乙女は白馬に乗った王子を待っている
月曜日だ。
重たい体を無理やり引きずってベッドから出した。
夕べ、帰ってくるさやかと顔を合わせるのが億劫で、ゆり子は翔太のところに泊まった。
日曜日の夕方、スーパーに行って二人で材料を買い込んで、すき焼きを食べた。
何かと整っているゆり子たちの家の方が料理しやすいのだが、ゆり子が、さやかが帰って来たら落ち着いていちゃいちゃできないからイヤだ、と言ったら、翔太はあっさりと了承した。
実は、翔太の家に入るのは初めてだ。
男の一人暮らしなんてどんな大変なことになってるんだろう……、と戦々恐々だったが、なんということもなくフツーの感じだった。

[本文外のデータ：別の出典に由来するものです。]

(* Let $X_1,\dots,X_n,T$ be independent random variables with common finite support $(l,r)$, where $X_1,\dots,X_n$ are i.i.d. with common CDF $F$ (distributed as $X$), and $T$ is uniformly distributed over $(l,r)$. Then $$R_{k,n}=\frac{1}{r-l}\sum_{j=k}^n\binom{n}{j}G_X(n-j,j),\qquad 0\le k\le n.$$
   Context: The reliability of the multi-component stress-strength system with strengths $X_1,\dots,X_n$ and stress $T$ (with CDF $F_T$), i.e. the probability that at least $k$ of the $X_i$ exceed $T$, is $R_{k,n}=\sum_{j=k}^n\binom{n}{j}\int_{-\infty}^{+\infty}[1-F(t)]^j[F(t)]^{n-j}\,dF_T(t)$, with $R_{0,n}=1$. The CIGF of $X$ is $G_X(\alpha,\beta)=\int_l^r [F(x)]^\alpha[1-F(x)]^\beta\,dx$ where $l=\inf\{x:F(x)>0\}$, $r=\sup\{x:F(x)<1\}$. *)

theory Defs
  imports "HOL-Probability.Probability"
begin

definition supp_l :: "(real \<Rightarrow> real) \<Rightarrow> real" where
  "supp_l F = Inf {x. F x > 0}"

definition supp_r :: "(real \<Rightarrow> real) \<Rightarrow> real" where
  "supp_r F = Sup {x. F x < 1}"

definition CIGF :: "(real \<Rightarrow> real) \<Rightarrow> real \<Rightarrow> real \<Rightarrow> real" where
  "CIGF F \<alpha> \<beta> = (LBINT x:{supp_l F<..<supp_r F}. (F x) powr \<alpha> * (1 - F x) powr \<beta>)"

text \<open>Reliability of the k-out-of-n stress-strength system: strengths have CDF F,
  stress has distribution MT (so dF_T is integration against MT).\<close>
definition rel_kn :: "nat \<Rightarrow> nat \<Rightarrow> (real \<Rightarrow> real) \<Rightarrow> real measure \<Rightarrow> real" where
  "rel_kn k n F MT = (if k = 0 then 1 else
     (\<Sum>j=k..n. real (n choose j) * (\<integral>t. (1 - F t) ^ j * (F t) ^ (n - j) \<partial>MT)))"

end

theory Submission
  imports Defs
begin

text \<open>Integrating against the uniform distribution on \<open>(l, r)\<close> is Lebesgue integration over
  \<open>(l, r)\<close> divided by \<open>r - l\<close>, and on \<open>(l, r)\<close> the CDF lies strictly between 0 and 1, so
  the real powers in \<open>G\<^sub>X(n - j, j)\<close> are ordinary powers. Hence each summand of \<open>R\<^sub>k\<^sub>,\<^sub>n\<close>
  is \<open>(n choose j) G\<^sub>X(n - j, j) / (r - l)\<close>. For \<open>k = 0\<close> the convention \<open>R\<^sub>0\<^sub>,\<^sub>n = 1\<close>
  agrees with the sum by the binomial theorem.\<close>

lemma integral_uniform_measure:
  fixes f :: "'a \<Rightarrow> real"
  assumes A[measurable]: "A \<in> sets M" and "emeasure M A \<noteq> 0" "emeasure M A \<noteq> \<infinity>"
    and f[measurable]: "f \<in> borel_measurable M"
  shows "integral\<^sup>L (uniform_measure M A) f = (LINT x:A|M. f x) / measure M A"
proof -
  have "0 < measure M A"
    using assms by (simp add: emeasure_eq_ennreal_measure measure_nonneg order_less_le)
  then have "1 / ennreal (measure M A) = ennreal (1 / measure M A)"
    by (metis divide_ennreal ennreal_1 zero_le_one)
  then have "uniform_measure M A = density M (\<lambda>x. ennreal (indicator A x / measure M A))"
    unfolding uniform_measure_def using assms(3)
    by (intro density_cong) (auto simp: emeasure_eq_ennreal_measure indicator_def)
  then show ?thesis
    by (simp add: integral_density set_lebesgue_integral_def)
qed

lemma supp_l_less_imp_pos:
  assumes "mono F" and "{x. 0 < F x} \<noteq> {}" and "supp_l F < x"
  shows "0 < F x"
proof -
  obtain y where "0 < F y" "y < x"
    using cInf_lessD[OF assms(2)] assms(3) by (auto simp: supp_l_def)
  then show ?thesis
    using monoD[OF assms(1), of y x] by simp
qed

lemma less_supp_r_imp_less_1:
  assumes "mono F" and "{x. F x < 1} \<noteq> {}" and "x < supp_r F"
  shows "F x < 1"
proof -
  obtain y where "F y < 1" "x < y"
    using less_cSupD[OF assms(2)] assms(3) by (auto simp: supp_r_def)
  then show ?thesis
    using monoD[OF assms(1), of x y] by simp
qed

lemma (in real_distribution) cdf_strictly_between_0_1:
  assumes "supp_l (cdf M) < x" and "x < supp_r (cdf M)"
  shows "0 < cdf M x" and "cdf M x < 1"
proof -
  have mono: "mono (cdf M)"
    by (auto intro: monoI cdf_nondecreasing)
  have "\<forall>\<^sub>F y in at_top. 0 < cdf M y"
    using cdf_lim_at_top_prob by (rule order_tendstoD) simp
  then have "{y. 0 < cdf M y} \<noteq> {}"
    using eventually_happens by fastforce
  then show "0 < cdf M x"
    by (rule supp_l_less_imp_pos[OF mono _ assms(1)])
  have "\<forall>\<^sub>F y in at_bot. cdf M y < 1"
    using cdf_lim_at_bot by (rule order_tendstoD) simp
  then have "{y. cdf M y < 1} \<noteq> {}"
    using eventually_happens by fastforce
  then show "cdf M x < 1"
    by (rule less_supp_r_imp_less_1[OF mono _ assms(2)])
qed

text \<open>The hypothesis is needed because \<open>0 powr 0 = 0\<close> in Isabelle.\<close>

lemma CIGF_of_nat:
  assumes "\<And>x. supp_l F < x \<Longrightarrow> x < supp_r F \<Longrightarrow> 0 < F x \<and> F x < 1"
  shows "CIGF F (real a) (real b) = (LBINT x:{supp_l F<..<supp_r F}. F x ^ a * (1 - F x) ^ b)"
  unfolding CIGF_def
  by (rule set_lebesgue_integral_cong) (auto simp: assms powr_realpow)

lemma rel_kn_eq_sum:
  assumes "prob_space MT" and [measurable]: "F \<in> borel_measurable MT"
    and F_0_1: "\<And>t. 0 \<le> F t \<and> F t \<le> 1"
  shows "rel_kn k n F MT = (\<Sum>j=k..n. real (n choose j) * (\<integral>t. (1 - F t) ^ j * F t ^ (n - j) \<partial>MT))"
proof (cases "k = 0")
  case True
  interpret prob_space MT by fact
  have "integrable MT (\<lambda>t. (1 - F t) ^ j * F t ^ (n - j))" for j
  proof (rule integrable_const_bound[where B = 1])
    show "AE t in MT. norm ((1 - F t) ^ j * F t ^ (n - j)) \<le> 1"
      using F_0_1 by (auto simp: abs_mult intro!: mult_le_one power_le_one)
  qed simp
  then have "(\<Sum>j=0..n. real (n choose j) * (\<integral>t. (1 - F t) ^ j * F t ^ (n - j) \<partial>MT))
      = (\<integral>t. (\<Sum>j=0..n. real (n choose j) * ((1 - F t) ^ j * F t ^ (n - j))) \<partial>MT)"
    by simp
  also have "\<dots> = (\<integral>t. ((1 - F t) + F t) ^ n \<partial>MT)"
    by (simp only: binomial_ring atLeast0AtMost mult.assoc)
  also have "\<dots> = 1"
    by (simp add: prob_space)
  finally show ?thesis
    using True by (simp add: rel_kn_def)
qed (simp add: rel_kn_def)

theorem proposition11:
  fixes M :: "real measure" and F :: "real \<Rightarrow> real" and l r :: real and k n :: nat
  assumes "real_distribution M"
    and "F = cdf M"
    and "bdd_below {x. F x > 0}" and "bdd_above {x. F x < 1}"
    and "l = supp_l F" and "r = supp_r F" and "l < r"
    and "k \<le> n"
  shows "rel_kn k n F (uniform_measure lborel {l<..<r})
         = 1 / (r - l) * (\<Sum>j=k..n. real (n choose j) * CIGF F (real (n - j)) (real j))"
proof -
  interpret real_distribution M by fact
  have F_measurable [measurable]: "F \<in> borel_measurable borel"
    using assms(2) by (auto intro: borel_measurable_mono monoI cdf_nondecreasing)
  have CIGF_F: "CIGF F (real (n - j)) (real j) = (LBINT t:{l<..<r}. (1 - F t) ^ j * F t ^ (n - j))" for j
    using cdf_strictly_between_0_1 assms(2,5,6) by (simp add: CIGF_of_nat mult.commute)
  have F_bounds: "0 \<le> F t \<and> F t \<le> 1" for t
    using assms(2) cdf_nonneg cdf_bounded_prob by simp
  have "prob_space (uniform_measure lborel {l<..<r})"
    using assms(7) by (intro prob_space_uniform_measure) simp_all
  then have "rel_kn k n F (uniform_measure lborel {l<..<r})
      = (\<Sum>j=k..n. real (n choose j) * (\<integral>t. (1 - F t) ^ j * F t ^ (n - j) \<partial>uniform_measure lborel {l<..<r}))"
    by (rule rel_kn_eq_sum[OF _ _ F_bounds]) measurable
  also have "\<dots> = (\<Sum>j=k..n. real (n choose j) * (CIGF F (real (n - j)) (real j) / (r - l)))"
    using assms(7) unfolding CIGF_F by (simp add: integral_uniform_measure)
  finally show ?thesis
    by (simp add: sum_distrib_left)
qed

end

綺麗すぎず汚すぎず嫌味のない程よい加減の部屋だった。
いかにも翔太らしい。
一人暮らしの気楽さからか、テレビ台にぽんとアダルトDVDを置いてたり、ベッドの脇にエロ本が適当に放り出されているのはご愛嬌だ。
ゆり子が笑いながら指差して指摘すると、さすがに気恥ずかしいようで、
「もー、参るなあ、ゆり子さんには。さりげなくスルーするのが彼女の気遣いじゃね?」
と頭を掻いている。
「もう必要ないでしょ。」
と、ゆり子がからかうと、
「えー、それとこれとは別。」
などと言うから何だかおかしかった。